1. Parse user message: extract concept, attached images, count.
2. Infer mode. For new-with-ben without an attached photo, pull the most recent ben_reference_*.jpg from refs/. If missing, ask once.
3. READ every reference image visually using the Read tool on each file path. This is MANDATORY — do not skip even when you think you already know what the image looks like. Read each one. If a path was mentioned but not provided, STOP here and ask for it. Extract per ref: dominant colors with rough hex equivalents, composition pattern, lighting mood, render style (photoreal vs flat-stylized), texture (grain, dot-grid, smooth), recurring motifs visible. State observations briefly in chat (one sentence per ref) so the user can verify you actually read them. Then identify the SHARED style signals across all refs ("all 5 use the dot-grid background and coral folder; 3 use a hand-drawn arrow") — these shared signals are the strongest brand cues to lock into every variant. Pass every relevant ref to medias[] (up to nano_banana_2's 4-ref limit; if more, pick the 4 most representative and tell the user).

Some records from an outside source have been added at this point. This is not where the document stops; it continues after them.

(* Let $\tilde q=q^2$. For all integers $v\geq 1$ and $L\geq 0$, \[ \sum_{n_1,\ldots,n_v\geq 0} \frac{\tilde q^{\sum_{i=1}^v N_i^2}}{(\tilde q)_{n_1}\cdots(\tilde q)_{n_{v-1}}(\tilde q)_{2n_v}}\cdot\frac{(q^3;q^6)_{n_v}}{(q;q^2)_{n_v}}\cdot\frac{(\tilde q)_{2L}}{(\tilde q)_{L-N_1}} =\sum_{j=-\infty}^{\infty} (-1)^j \left(\frac{j+1}{3}\right) q^{(2v+1)j^2}{2L \brack L+j}_{\tilde q}, \] where $N_i=n_i+n_{i+1}+\cdots+n_v$ for $i=1,\ldots,v$ (for $v=1$ the product $(\tilde q)_{n_1}\cdots(\tilde q)_{n_{v-1}}$ is empty).
   Context: For a variable $a$ and integer $n\ge 0$, $(a;q)_n=(1-a)(1-aq)\cdots(1-aq^{n-1})$, and $(\tilde q)_n=(\tilde q;\tilde q)_n$; by convention $1/(\tilde q)_n=0$ for negative integers $n$. The $q$-binomial coefficient in base $\tilde q$ is ${A \brack B}_{\tilde q}=\frac{(\tilde q;\tilde q)_A}{(\tilde q;\tilde q)_B(\tilde q;\tilde q)_{A-B}}$ if $0\le B\le A$ are integers, and $0$ otherwise. $\left(\frac{j}{3}\right)$ is the Legendre symbol modulo 3: it equals $1$ if $j\equiv 1 \pmod 3$, $-1$ if $j\equiv -1\pmod 3$, and $0$ if $3\mid j$. *)

theory Defs
  imports "HOL-Analysis.Analysis" "HOL-Number_Theory.Number_Theory"
begin

definition qpoch :: "complex \<Rightarrow> complex \<Rightarrow> nat \<Rightarrow> complex" where
  "qpoch a q n = (\<Prod>k<n. 1 - a * q ^ k)"

definition qinvfac :: "complex \<Rightarrow> int \<Rightarrow> complex" where
  "qinvfac x m = (if m < 0 then 0 else 1 / qpoch x x (nat m))"

definition qbinom :: "complex \<Rightarrow> int \<Rightarrow> int \<Rightarrow> complex" where
  "qbinom x A B = (if 0 \<le> B \<and> B \<le> A
     then qpoch x x (nat A) / (qpoch x x (nat B) * qpoch x x (nat (A - B))) else 0)"

end

theory Submission
  imports Defs
begin

(*
  Write x = q^2. Peeling n_1 off the multisum (so that N_1 = n_1 + N_2) is one step
  beta'_L = sum_m x^(m^2) beta_m / (x;x)_(L-m) of a Bailey chain, so the left side is
  (x;x)_(2L) times the v-fold chain started at
    alpha_j = (-1)^j (j+1 | 3) q^(j^2),   beta_L = (q^3;q^6)_L / ((q;q^2)_L (x;x)_(2L)).
  By Bailey's lemma, which here reduces to a q-Chu-Vandermonde sum, every step multiplies
  alpha_j by x^(j^2), and (x;x)_(2L) / ((x;x)_(L-j) (x;x)_(L+j)) is the q-binomial on the right.

  That (alpha, beta) is a Bailey pair amounts to
    sum_j (-1)^j (j+1 | 3) q^(j^2) [2L, L+j]_x = prod_(i<L) (1 + q^(2i+1) + q^(4i+2)).
  Since (m | 3) (omega - omega^2) = omega^m - omega^(2m) for a primitive cube root of unity
  omega, the left side is a difference of two values of the finite Jacobi triple product
    sum_k (-1)^k q^((k-L)^2) w^k [2L, k]_x = prod_(i<L) (1 - w q^(2i+1)) (q^(2i+1) - w),
  a consequence of Rothe's q-binomial theorem, at w = omega and w = omega^2.
*)

section \<open>q-Pochhammer symbols and Gaussian binomial coefficients\<close>

lemma qpoch_0 [simp]: "qpoch a q 0 = 1"
  by (simp add: qpoch_def)

lemma qpoch_Suc: "qpoch a q (Suc n) = qpoch a q n * (1 - a * q ^ n)"
  by (simp add: qpoch_def)

lemma qpoch_add: "qpoch a q (m + n) = qpoch a q m * qpoch (a * q ^ m) q n"
  by (induction n) (simp_all add: qpoch_Suc power_add mult_ac)

lemma qpoch_Suc_left: "qpoch a q (Suc n) = (1 - a) * qpoch (a * q) q n"
  unfolding qpoch_def prod.lessThan_Suc_shift by (simp add: mult_ac)

lemma qpoch_nonzero:
  assumes "norm a < 1" "norm q \<le> 1"
  shows "qpoch a q n \<noteq> 0"
proof -
  have "a * q ^ k \<noteq> 1" for k
  proof -
    have "norm (a * q ^ k) \<le> norm a"
      using assms by (simp add: norm_mult norm_power mult_left_le power_le_one)
    then show ?thesis using assms(1) by auto
  qed
  then show ?thesis by (simp add: qpoch_def)
qed

lemma qinvfac_of_nat [simp]: "qinvfac x (int n) = inverse (qpoch x x n)"
  by (simp add: qinvfac_def divide_inverse)

lemma qinvfac_neg: "m < 0 \<Longrightarrow> qinvfac x m = 0"
  by (simp add: qinvfac_def)

fun gauss_binom :: "'a::comm_ring_1 \<Rightarrow> nat \<Rightarrow> nat \<Rightarrow> 'a" where
  "gauss_binom x 0 k = (if k = 0 then 1 else 0)"
| "gauss_binom x (Suc n) k =
     (if k = 0 then 1 else gauss_binom x n (k - 1) + x ^ k * gauss_binom x n k)"

lemma gauss_binom_eq_0: "n < k \<Longrightarrow> gauss_binom x n k = 0"
  by (induction n arbitrary: k) auto

lemma gauss_binom_0_right [simp]: "gauss_binom x n 0 = 1"
  by (cases n) auto

lemma sum_gauss_binom_Suc:
  "(\<Sum>k\<le>Suc n. gauss_binom x (Suc n) k * c k)
     = (\<Sum>k\<le>n. gauss_binom x n k * (c (Suc k) + x ^ k * c k))"
proof -
  have shifted: "(\<Sum>k\<le>n. x ^ k * gauss_binom x n k * c k)
      = c 0 + (\<Sum>k\<le>n. x ^ Suc k * gauss_binom x n (Suc k) * c (Suc k))"
  proof -
    have "(\<Sum>k\<le>n. x ^ k * gauss_binom x n k * c k) = (\<Sum>k\<le>Suc n. x ^ k * gauss_binom x n k * c k)"
      by (simp add: gauss_binom_eq_0)
    then show ?thesis by (simp only: sum.atMost_Suc_shift) simp
  qed
  have "(\<Sum>k\<le>Suc n. gauss_binom x (Suc n) k * c k)
      = c 0 + (\<Sum>k\<le>n. gauss_binom x n k * c (Suc k))
          + (\<Sum>k\<le>n. x ^ Suc k * gauss_binom x n (Suc k) * c (Suc k))"
    by (simp only: sum.atMost_Suc_shift) (simp add: distrib_right sum.distrib)
  also have "\<dots> = (\<Sum>k\<le>n. gauss_binom x n k * c (Suc k)) + (\<Sum>k\<le>n. x ^ k * gauss_binom x n k * c k)"
    unfolding shifted by (simp only: add_ac)
  also have "\<dots> = (\<Sum>k\<le>n. gauss_binom x n k * (c (Suc k) + x ^ k * c k))"
    by (simp add: distrib_left sum.distrib mult_ac)
  finally show ?thesis .
qed

lemma gauss_binom_qpoch:
  "k \<le> n \<Longrightarrow> gauss_binom x n k * qpoch x x k * qpoch x x (n - k) = qpoch x x n"
proof (induction n arbitrary: k)
  case 0
  then show ?case by simp
next
  case (Suc n)
  show ?case
  proof (cases k)
    case 0
    then show ?thesis by simp
  next
    case (Suc j)
    have low: "gauss_binom x n j * qpoch x x (Suc j) * qpoch x x (n - j) = qpoch x x n * (1 - x ^ Suc j)"
      using Suc.IH[of j] Suc.prems \<open>k = Suc j\<close> by (simp add: qpoch_Suc mult_ac)
    have high: "x ^ Suc j * gauss_binom x n (Suc j) * qpoch x x (Suc j) * qpoch x x (n - j)
        = x ^ Suc j * qpoch x x n * (1 - x ^ (n - j))"
    proof (cases "Suc j \<le> n")
      case True
      then have "n - j = Suc (n - Suc j)" by simp
      then show ?thesis using Suc.IH[OF True] by (simp add: qpoch_Suc mult_ac)
    next
      case False
      then show ?thesis using Suc.prems \<open>k = Suc j\<close> by (simp add: gauss_binom_eq_0)
    qed
    have "gauss_binom x (Suc n) k * qpoch x x k * qpoch x x (Suc n - k)
        = gauss_binom x n j * qpoch x x (Suc j) * qpoch x x (n - j)
          + x ^ Suc j * gauss_binom x n (Suc j) * qpoch x x (Suc j) * qpoch x x (n - j)"
      by (simp add: \<open>k = Suc j\<close> algebra_simps)
    also have "\<dots> = qpoch x x n * (1 - x ^ Suc j * x ^ (n - j))"
      unfolding low high by (simp add: algebra_simps)
    also have "x ^ Suc j * x ^ (n - j) = x ^ Suc n"
      using Suc.prems \<open>k = Suc j\<close> by (simp flip: power_add)
    finally show ?thesis by (simp add: qpoch_Suc)
  qed
qed

lemma gauss_binom_eq_qpoch_inverse:
  assumes "norm x < 1" "k \<le> n"
  shows "gauss_binom x n k = qpoch x x n * inverse (qpoch x x k) * inverse (qpoch x x (n - k))"
  using gauss_binom_qpoch[OF assms(2), of x] qpoch_nonzero[of x x] assms(1)
  by (simp add: field_simps)

(* Pascal's rule turns the sum for (m + 1, b) into the sum for (m, b + 1). *)
lemma sum_gauss_binom_qpoch:
  "(\<Sum>k\<le>m. x ^ (k * (k + b)) * gauss_binom x m k * qpoch (x ^ (k + b + 1)) x (m - k)) = 1"
proof (induction m arbitrary: b)
  case 0
  then show ?case by simp
next
  case (Suc m)
  define c where "c k = x ^ (k * (k + b)) * qpoch (x ^ (k + b + 1)) x (Suc m - k)" for k
  have step: "c (Suc k) + x ^ k * c k
      = x ^ (k * (k + (b + 1))) * qpoch (x ^ (k + (b + 1) + 1)) x (m - k)" if "k \<le> m" for k
  proof -
    define e d P where "e = k * (k + b + 1)" and "d = k + b + 1"
      and "P = qpoch (x ^ (k + b + 2)) x (m - k)"
    have "Suc k * (Suc k + b) = e + d" "k + k * (k + b) = e"
      unfolding e_def d_def by (simp_all add: algebra_simps)
    then have pow: "x ^ (Suc k * (Suc k + b)) = x ^ e * x ^ d" "x ^ k * x ^ (k * (k + b)) = x ^ e"
      by (simp_all flip: power_add)
    have "c (Suc k) = x ^ e * x ^ d * P"
      unfolding c_def pow P_def d_def by (simp add: add_ac)
    moreover have "x ^ k * c k = x ^ e * (1 - x ^ d) * P"
    proof -
      have "qpoch (x ^ d) x (Suc m - k) = (1 - x ^ d) * P"
        using that unfolding P_def d_def by (simp add: Suc_diff_le qpoch_Suc_left mult_ac)
      then show ?thesis
        unfolding c_def mult.assoc[symmetric] pow(2) by (simp add: d_def mult.assoc)
    qed
    moreover have "x ^ (k * (k + (b + 1))) * qpoch (x ^ (k + (b + 1) + 1)) x (m - k) = x ^ e * P"
      unfolding e_def P_def by (simp add: add_ac)
    ultimately show ?thesis by (simp add: algebra_simps)
  qed
  have "(\<Sum>k\<le>Suc m. x ^ (k * (k + b)) * gauss_binom x (Suc m) k * qpoch (x ^ (k + b + 1)) x (Suc m - k))
      = (\<Sum>k\<le>Suc m. gauss_binom x (Suc m) k * c k)"
    unfolding c_def by (simp add: mult_ac)
  also have "\<dots> = (\<Sum>k\<le>m. x ^ (k * (k + (b + 1))) * gauss_binom x m k * qpoch (x ^ (k + (b + 1) + 1)) x (m - k))"
    unfolding sum_gauss_binom_Suc
  proof (intro sum.cong refl)
    fix k assume "k \<in> {..m}"
    then have "k \<le> m" by simp
    show "gauss_binom x m k * (c (Suc k) + x ^ k * c k)
        = x ^ (k * (k + (b + 1))) * gauss_binom x m k * qpoch (x ^ (k + (b + 1) + 1)) x (m - k)"
      unfolding step[OF \<open>k \<le> m\<close>] by (simp only: mult_ac)
  qed
  also have "\<dots> = 1"
    by (rule Suc.IH)
  finally show ?case .
qed

lemma q_chu_vandermonde:
  assumes "norm x < 1"
  shows "(\<Sum>k\<le>m. x ^ (k * (k + b)) * inverse (qpoch x x k * qpoch x x (m - k) * qpoch x x (k + b)))
       = inverse (qpoch x x m * qpoch x x (m + b))"
proof -
  have nz: "qpoch x x n \<noteq> 0" for n
    using assms by (simp add: qpoch_nonzero)
  have summand: "qpoch x x m * qpoch x x (m + b)
        * (x ^ (k * (k + b)) * inverse (qpoch x x k * qpoch x x (m - k) * qpoch x x (k + b)))
      = x ^ (k * (k + b)) * gauss_binom x m k * qpoch (x ^ (k + b + 1)) x (m - k)" if "k \<le> m" for k
  proof -
    have "qpoch x x (m + b) = qpoch x x (k + b) * qpoch (x ^ (k + b + 1)) x (m - k)"
      using qpoch_add[of x x "k + b" "m - k"] that by (simp add: add.commute[of m b])
    then show ?thesis
      using gauss_binom_eq_qpoch_inverse[OF assms that] nz by (simp add: field_simps)
  qed
  have "qpoch x x m * qpoch x x (m + b)
      * (\<Sum>k\<le>m. x ^ (k * (k + b)) * inverse (qpoch x x k * qpoch x x (m - k) * qpoch x x (k + b)))
      = (\<Sum>k\<le>m. x ^ (k * (k + b)) * gauss_binom x m k * qpoch (x ^ (k + b + 1)) x (m - k))"
    unfolding sum_distrib_left by (intro sum.cong refl) (simp only: atMost_iff summand)
  also have "\<dots> = 1"
    by (rule sum_gauss_binom_qpoch)
  finally have "qpoch x x m * qpoch x x (m + b)
      * (\<Sum>k\<le>m. x ^ (k * (k + b)) * inverse (qpoch x x k * qpoch x x (m - k) * qpoch x x (k + b)))
      = 1" .
  then show ?thesis
    using nz by (simp add: field_simps)
qed

section \<open>Bailey's lemma\<close>

lemma bailey_lemma_sum_nat:
  assumes "norm x < 1"
  shows "(\<Sum>m\<le>L. qinvfac x (int L - int m) * x ^ m\<^sup>2 * qinvfac x (int m - int r) * qinvfac x (int m + int r))
       = x ^ r\<^sup>2 * qinvfac x (int L - int r) * qinvfac x (int L + int r)"
proof (cases "r \<le> L")
  case False
  then show ?thesis by (simp add: qinvfac_neg)
next
  case True
  define f where "f m = qinvfac x (int L - int m) * x ^ m\<^sup>2 * qinvfac x (int m - int r) * qinvfac x (int m + int r)" for m
  have "(\<Sum>m\<le>L. f m) = (\<Sum>m\<in>{r..L}. f m)"
    by (rule sum.mono_neutral_right) (auto simp: f_def qinvfac_neg)
  also have "\<dots> = (\<Sum>k\<le>L - r. f (k + r))"
    using sum.shift_bounds_cl_nat_ivl[of f 0 r "L - r"] True by (simp add: atLeast0AtMost)
  also have "\<dots> = x ^ r\<^sup>2 * (\<Sum>k\<le>L - r. x ^ (k * (k + 2 * r))
      * inverse (qpoch x x k * qpoch x x (L - r - k) * qpoch x x (k + 2 * r)))"
    unfolding sum_distrib_left
  proof (intro sum.cong refl)
    fix k assume "k \<in> {..L - r}"
    then have "k + r \<le> L" using True by simp
    then have "int L - int (k + r) = int (L - r - k)" "int (k + r) - int r = int k"
      "int (k + r) + int r = int (k + 2 * r)"
      by simp_all
    moreover have "(k + r)\<^sup>2 = r\<^sup>2 + k * (k + 2 * r)"
      by (simp add: power2_eq_square algebra_simps)
    then have "x ^ (k + r)\<^sup>2 = x ^ r\<^sup>2 * x ^ (k * (k + 2 * r))"
      by (simp only: power_add)
    ultimately show "f (k + r) = x ^ r\<^sup>2 * (x ^ (k * (k + 2 * r))
        * inverse (qpoch x x k * qpoch x x (L - r - k) * qpoch x x (k + 2 * r)))"
      unfolding f_def by (simp only: qinvfac_of_nat inverse_mult_distrib mult_ac)
  qed
  also have "\<dots> = x ^ r\<^sup>2 * inverse (qpoch x x (L - r) * qpoch x x (L + r))"
    using q_chu_vandermonde[OF assms, where m = "L - r" and b = "2 * r"] True by (simp add: add.commute)
  also have "\<dots> = x ^ r\<^sup>2 * qinvfac x (int L - int r) * qinvfac x (int L + int r)"
  proof -
    have "int L - int r = int (L - r)" "int L + int r = int (L + r)"
      using True by simp_all
    then show ?thesis by (simp only: qinvfac_of_nat inverse_mult_distrib mult_ac)
  qed
  finally show ?thesis
    unfolding f_def .
qed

4. Load style spec (or fall back to locked defaults).
5. IDEATE N distinct creative angles for the concept (one per requested variant). Each angle should have a different headline, different supporting visual, and a different framing of why-this-topic-matters. Brainstorm in chat in a compact one-line-per-variant list, then proceed. Do NOT generate N near-identical variants of one composition; that's wasted credits.
6. Build N prompts internally (4-block template from references/prompt-builder.md per variant). Across all N prompts, blocks 2 (Subject — Ben's face, expression, framing, wardrobe, camera angle) and 4 (Negatives) stay IDENTICAL. Only blocks 1 (Scene) and 3 (Style — the supporting visual and any motif specifics) change between variants. Fold the visual observations from step 3 into every variant's blocks. Never surface prompts unless asked.
7. Generate N times: one `generate_image` call per variant with `count: 1`, `aspect_ratio: "16:9"`, `resolution: "2k"`. EVERY call passes the same Ben reference photo (or the same primary ref) as `medias[0]` so the face stays locked. Sequential calls so each lands in the manifest in order.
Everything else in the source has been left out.